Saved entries
text \<open>Collatz--Wielandt bound: compare an eigenvector \<open>v\<close> with \<open>w\<close> at an index where
  \<open>\<bar>v\<^sub>i\<bar> / w\<^sub>i\<close> is maximal.\<close>
lemma abs_eigenvalue_le_positive_eigenvector:
  fixes A :: "real mat"
  assumes A: "A \<in> carrier_mat n n" and nonneg: "\<And>i j. i < n \<Longrightarrow> j < n \<Longrightarrow> 0 \<le> A $$ (i, j)"
    and w: "w \<in> carrier_vec n" and w_pos: "\<And>i. i < n \<Longrightarrow> 0 < w $ i"
    and Aw: "A *\<^sub>v w = \<mu> \<cdot>\<^sub>v w" and ev: "eigenvalue A lam"
  shows "\<bar>lam\<bar> \<le> \<mu>"
proof -
  obtain v where v: "v \<in> carrier_vec n" "v \<noteq> 0\<^sub>v n" "A *\<^sub>v v = lam \<cdot>\<^sub>v v"
    using ev A unfolding eigenvalue_def eigenvector_def by auto
  obtain j0 where j0: "j0 < n" "v $ j0 \<noteq> 0"
    using v(1,2) by (metis eq_vecI carrier_vecD index_zero_vec)
  define r where "r j = \<bar>v $ j\<bar> / w $ j" for j
  define c where "c = Max (r ` {..<n})"
  obtain i where i: "i < n" "r i = c"
    using Max_in[of "r ` {..<n}"] j0 unfolding c_def by fastforce
  have v_le: "\<bar>v $ j\<bar> \<le> c * w $ j" if "j < n" for j
  proof -
    have "r j \<le> c" unfolding c_def using that by simp
    then show ?thesis using w_pos[OF that] unfolding r_def by (simp add: pos_divide_le_eq)
  qed
  have "0 < r j0" unfolding r_def using j0 w_pos by auto
  moreover have "r j0 \<le> c" unfolding c_def using j0 by simp
  ultimately have c_w_pos: "0 < c * w $ i" using w_pos[OF i(1)] by simp
  have v_i: "\<bar>v $ i\<bar> = c * w $ i" using i w_pos[of i] unfolding r_def by auto
  have "\<bar>lam\<bar> * (c * w $ i) = \<bar>(A *\<^sub>v v) $ i\<bar>"
    using v i by (simp add: v_i[symmetric] abs_mult)
  also have "\<dots> \<le> (\<Sum>j<n. \<bar>A $$ (i, j) * v $ j\<bar>)"
    unfolding mult_mat_vec_index_sum[OF A v(1) i(1)] by (rule sum_abs)
  also have "\<dots> \<le> (\<Sum>j<n. A $$ (i, j) * (c * w $ j))"
    using nonneg[OF i(1)] v_le by (intro sum_mono) (simp add: abs_mult mult_left_mono)
  also have "\<dots> = c * (A *\<^sub>v w) $ i"
    unfolding mult_mat_vec_index_sum[OF A w i(1)] by (simp add: sum_distrib_left algebra_simps)
  also have "\<dots> = \<mu> * (c * w $ i)" using Aw w i by simp
  finally show ?thesis using c_w_pos by (rule mult_right_le_imp_le)
qed

lemma A_alpha_carrier: "A_alpha \<alpha> G \<in> carrier_mat (gorder G) (gorder G)"
  by (simp add: A_alpha_def deg_matrix_def adj_matrix_def)

lemma A_alpha_index:
  "i < gorder G \<Longrightarrow> j < gorder G \<Longrightarrow> A_alpha \<alpha> G $$ (i, j) =
    \<alpha> * (if i = j then real (degree G i) else 0) + (1 - \<alpha>) * (if gadj G i j then 1 else 0)"
  by (simp add: A_alpha_def deg_matrix_def adj_matrix_def)

lemma rho_alpha_eq_positive_eigenvector:
  assumes "0 \<le> \<alpha>" "\<alpha> \<le> 1" "0 < gorder G"
    and w: "w \<in> carrier_vec (gorder G)" and w_pos: "\<And>i. i < gorder G \<Longrightarrow> 0 < w $ i"
    and Aw: "A_alpha \<alpha> G *\<^sub>v w = lam \<cdot>\<^sub>v w"
  shows "rho_alpha \<alpha> G = lam"
proof -
  have "w \<noteq> 0\<^sub>v (gorder G)" using w_pos[of 0] assms(3) by auto
  then have ev: "eigenvalue (A_alpha \<alpha> G) lam"
    unfolding eigenvalue_def eigenvector_def using w Aw A_alpha_carrier[of \<alpha> G] by auto
  have "x \<le> lam" if "eigenvalue (A_alpha \<alpha> G) x" for x
    using abs_eigenvalue_le_positive_eigenvector[OF A_alpha_carrier _ w w_pos Aw that] assms(1,2)
    by (simp add: A_alpha_index)
  then show ?thesis
    unfolding rho_alpha_def using finite_eigenvalues[OF A_alpha_carrier] ev by (intro Max_eqI) auto
qed

section \<open>The graphs \<open>K\<^sub>s \<or> (K\<^sub>a \<union> \<overline>K\<^sub>b)\<close>\<close>

definition join_clique_union :: "nat \<Rightarrow> nat \<Rightarrow> nat \<Rightarrow> graph" where
  "join_clique_union s a b = gjoin (complete_graph s) (gunion (complete_graph a) (empty_graph b))"

lemma gorder_join_clique_union: "gorder (join_clique_union s a b) = s + a + b"
  by (simp add: join_clique_union_def gjoin_def gunion_def complete_graph_def empty_graph_def gorder_def)

lemma gadj_join_clique_union: "gadj (join_clique_union s a b) i j =
  (if i < s \<and> j < s then i \<noteq> j else if s \<le> i \<and> s \<le> j then i < s + a \<and> j < s + a \<and> i \<noteq> j else True)"
  by (auto simp: join_clique_union_def gjoin_def gunion_def complete_graph_def empty_graph_def
      gorder_def gadj_def)

lemma join_clique_union_empty: "join_clique_union s 0 b = gjoin (complete_graph s) (empty_graph b)"
  by (simp add: join_clique_union_def gunion_def complete_graph_def empty_graph_def gorder_def gadj_def)

lemma join_clique_union_single: "join_clique_union s 1 b = join_clique_union s 0 (Suc b)"
  by (auto simp: join_clique_union_def gjoin_def gunion_def complete_graph_def empty_graph_def
      gorder_def gadj_def)

lemma sum_initial_segment_minus:
  fixes h :: "nat \<Rightarrow> 'a :: ab_group_add"
  assumes "m \<le> N"
  shows "(\<Sum>j<N. if j < m \<and> j \<noteq> i then h j else 0) = sum h {..<m} - (if i < m then h i else 0)"
proof -
  have "(\<Sum>j<N. if j < m \<and> j \<noteq> i then h j else 0) = sum h {j\<in>{..<N}. j < m \<and> j \<noteq> i}"
    by (rule sum.inter_filter[symmetric]) simp
  also have "{j\<in>{..<N}. j < m \<and> j \<noteq> i} = {..<m} - {i}" using assms by auto
  finally show ?thesis by (simp add: sum_diff1)
qed

lemma sum_neighbours_join_clique_union:
  fixes h :: "nat \<Rightarrow> 'a :: ab_group_add"
  assumes "i < s + a + b"
  shows "(\<Sum>j<s+a+b. if gadj (join_clique_union s a b) i j then h j else 0) =
    (if i < s then sum h {..<s+a+b} - h i
     else if i < s + a then sum h {..<s+a} - h i
     else sum h {..<s})"
proof -
  define m where "m = (if i < s then s + a + b else if i < s + a then s + a else s)"
  have "(\<Sum>j<s+a+b. if gadj (join_clique_union s a b) i j then h j else 0) =
      (\<Sum>j<s+a+b. if j < m \<and> j \<noteq> i then h j else 0)"
    using assms by (intro sum.cong) (auto simp: gadj_join_clique_union m_def)
  also have "\<dots> = sum h {..<m} - (if i < m then h i else 0)"
    by (rule sum_initial_segment_minus) (simp add: m_def)
  finally show ?thesis using assms by (simp add: m_def)
qed

lemma degree_as_sum: "real (degree G i) = (\<Sum>j<gorder G. if gadj G i j then 1 else 0)"
proof -
  have "{j. j < gorder G \<and> gadj G i j} = {j\<in>{..<gorder G}. gadj G i j}" by auto
  then have "real (degree G i) = (\<Sum>j\<in>{j\<in>{..<gorder G}. gadj G i j}. 1)"
    unfolding degree_def by simp
  also have "\<dots> = (\<Sum>j<gorder G. if gadj G i j then 1 else 0)"
    by (rule sum.inter_filter) simp
  finally show ?thesis .
qed

lemma A_alpha_mult_vec_index:
  assumes "w \<in> carrier_vec (gorder G)" "i < gorder G"
  shows "(A_alpha \<alpha> G *\<^sub>v w) $ i =
    \<alpha> * real (degree G i) * w $ i + (1 - \<alpha>) * (\<Sum>j<gorder G. if gadj G i j then w $ j else 0)"
proof -
  have "(A_alpha \<alpha> G *\<^sub>v w) $ i = (\<Sum>j<gorder G. A_alpha \<alpha> G $$ (i, j) * w $ j)"
    using mult_mat_vec_index_sum[OF A_alpha_carrier assms] .
  also have "\<dots> = (\<Sum>j<gorder G. \<alpha> * (if i = j then real (degree G i) * w $ j else 0)
      + (1 - \<alpha>) * (if gadj G i j then w $ j else 0))"
    using assms by (intro sum.cong) (auto simp: A_alpha_index algebra_simps)
  finally show ?thesis using assms by (simp add: sum.distrib sum_distrib_left[symmetric])
qed

definition block_vec :: "nat \<Rightarrow> nat \<Rightarrow> nat \<Rightarrow> real \<Rightarrow> real \<Rightarrow> real \<Rightarrow> real vec" where
  "block_vec s a b x y z = vec (s + a + b) (\<lambda>j. if j < s then x else if j < s + a then y else z)"

lemma smult_block_vec: "c \<cdot>\<^sub>v block_vec s a b x y z = block_vec s a b (c * x) (c * y) (c * z)"
  by (auto simp: block_vec_def)

lemma A_alpha_mult_block_vec:
  "A_alpha \<alpha> (join_clique_union s a b) *\<^sub>v block_vec s a b x y z = block_vec s a b
     (\<alpha> * (real (s + a + b) - 1) * x + (1 - \<alpha>) * (real s * x + real a * y + real b * z - x))
     (\<alpha> * (real s + real a - 1) * y + (1 - \<alpha>) * (real s * x + real a * y - y))
     (\<alpha> * real s * z + (1 - \<alpha>) * (real s * x))"
  (is "?A *\<^sub>v ?w = ?rhs")
proof (rule eq_vecI)
  let ?G = "join_clique_union s a b"
  let ?f = "\<lambda>j. if j < s then x else if j < s + a then y else z"
  have sum_s: "sum ?f {..<s} = real s * x" by simp
  have sum_a: "sum ?f {s..<s+a} = real a * y" and sum_b: "sum ?f {s+a..<s+a+b} = real b * z" by simp_all
  have concat: "sum ?f {..<l} + sum ?f {l..<m} = sum ?f {..<m}" if "l \<le> m" for l m
    using sum.atLeastLessThan_concat[of 0 l m ?f] that by (simp add: lessThan_atLeast0)
  have sums: "sum ?f {..<s} = real s * x" "sum ?f {..<s+a} = real s * x + real a * y"
    "sum ?f {..<s+a+b} = real s * x + real a * y + real b * z"
    using sum_s sum_a sum_b concat[of s "s+a"] concat[of "s+a" "s+a+b"] by simp_all
  show "dim_vec (?A *\<^sub>v ?w) = dim_vec ?rhs"
    using A_alpha_carrier[of \<alpha> ?G] by (simp add: block_vec_def gorder_join_clique_union)
  fix i assume "i < dim_vec ?rhs"
  then have i: "i < gorder ?G" by (simp add: block_vec_def gorder_join_clique_union)
  have w: "?w \<in> carrier_vec (gorder ?G)" by (simp add: block_vec_def gorder_join_clique_union)
  have "(\<Sum>j<gorder ?G. if gadj ?G i j then ?w $ j else 0) = (\<Sum>j<s+a+b. if gadj ?G i j then ?f j else 0)"
    by (intro sum.cong) (auto simp: block_vec_def gorder_join_clique_union)
  moreover have "real (degree ?G i) = (\<Sum>j<s+a+b. if gadj ?G i j then 1 else 0)"
    by (simp add: degree_as_sum gorder_join_clique_union)
  ultimately have "(?A *\<^sub>v ?w) $ i = \<alpha> * (\<Sum>j<s+a+b. if gadj ?G i j then 1 else 0) * ?f i
      + (1 - \<alpha>) * (\<Sum>j<s+a+b. if gadj ?G i j then ?f j else 0)"
    using A_alpha_mult_vec_index[OF w i] i by (simp add: block_vec_def gorder_join_clique_union)
  then show "(?A *\<^sub>v ?w) $ i = ?rhs $ i"
    using i sums sum_neighbours_join_clique_union[of i s a b ?f]
      sum_neighbours_join_clique_union[of i s a b "\<lambda>_. 1 :: real"]
    by (simp add: block_vec_def gorder_join_clique_union split: if_splits)
qed

section \<open>The secular equation\<close>

text \<open>Eliminating \<open>y\<close> and \<open>z\<close> from the block form of \<open>A\<^sub>\<alpha> (1, y, z) = x (1, y, z)\<close>
  leaves the equation \<open>secular \<alpha> s a b x = 0\<close>.\<close>
definition secular :: "real \<Rightarrow> real \<Rightarrow> real \<Rightarrow> real \<Rightarrow> real \<Rightarrow> real" where
  "secular \<alpha> s a b x = x - (\<alpha> * (s + a + b - 1) + (1 - \<alpha>) * (s - 1))
     - (1 - \<alpha>)\<^sup>2 * a * s / (x - (a - 1 + \<alpha> * s)) - (1 - \<alpha>)\<^sup>2 * b * s / (x - \<alpha> * s)"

Problem details:
Provide only the count of lines in the records above that hold the word "intro".

Solved exercise:
5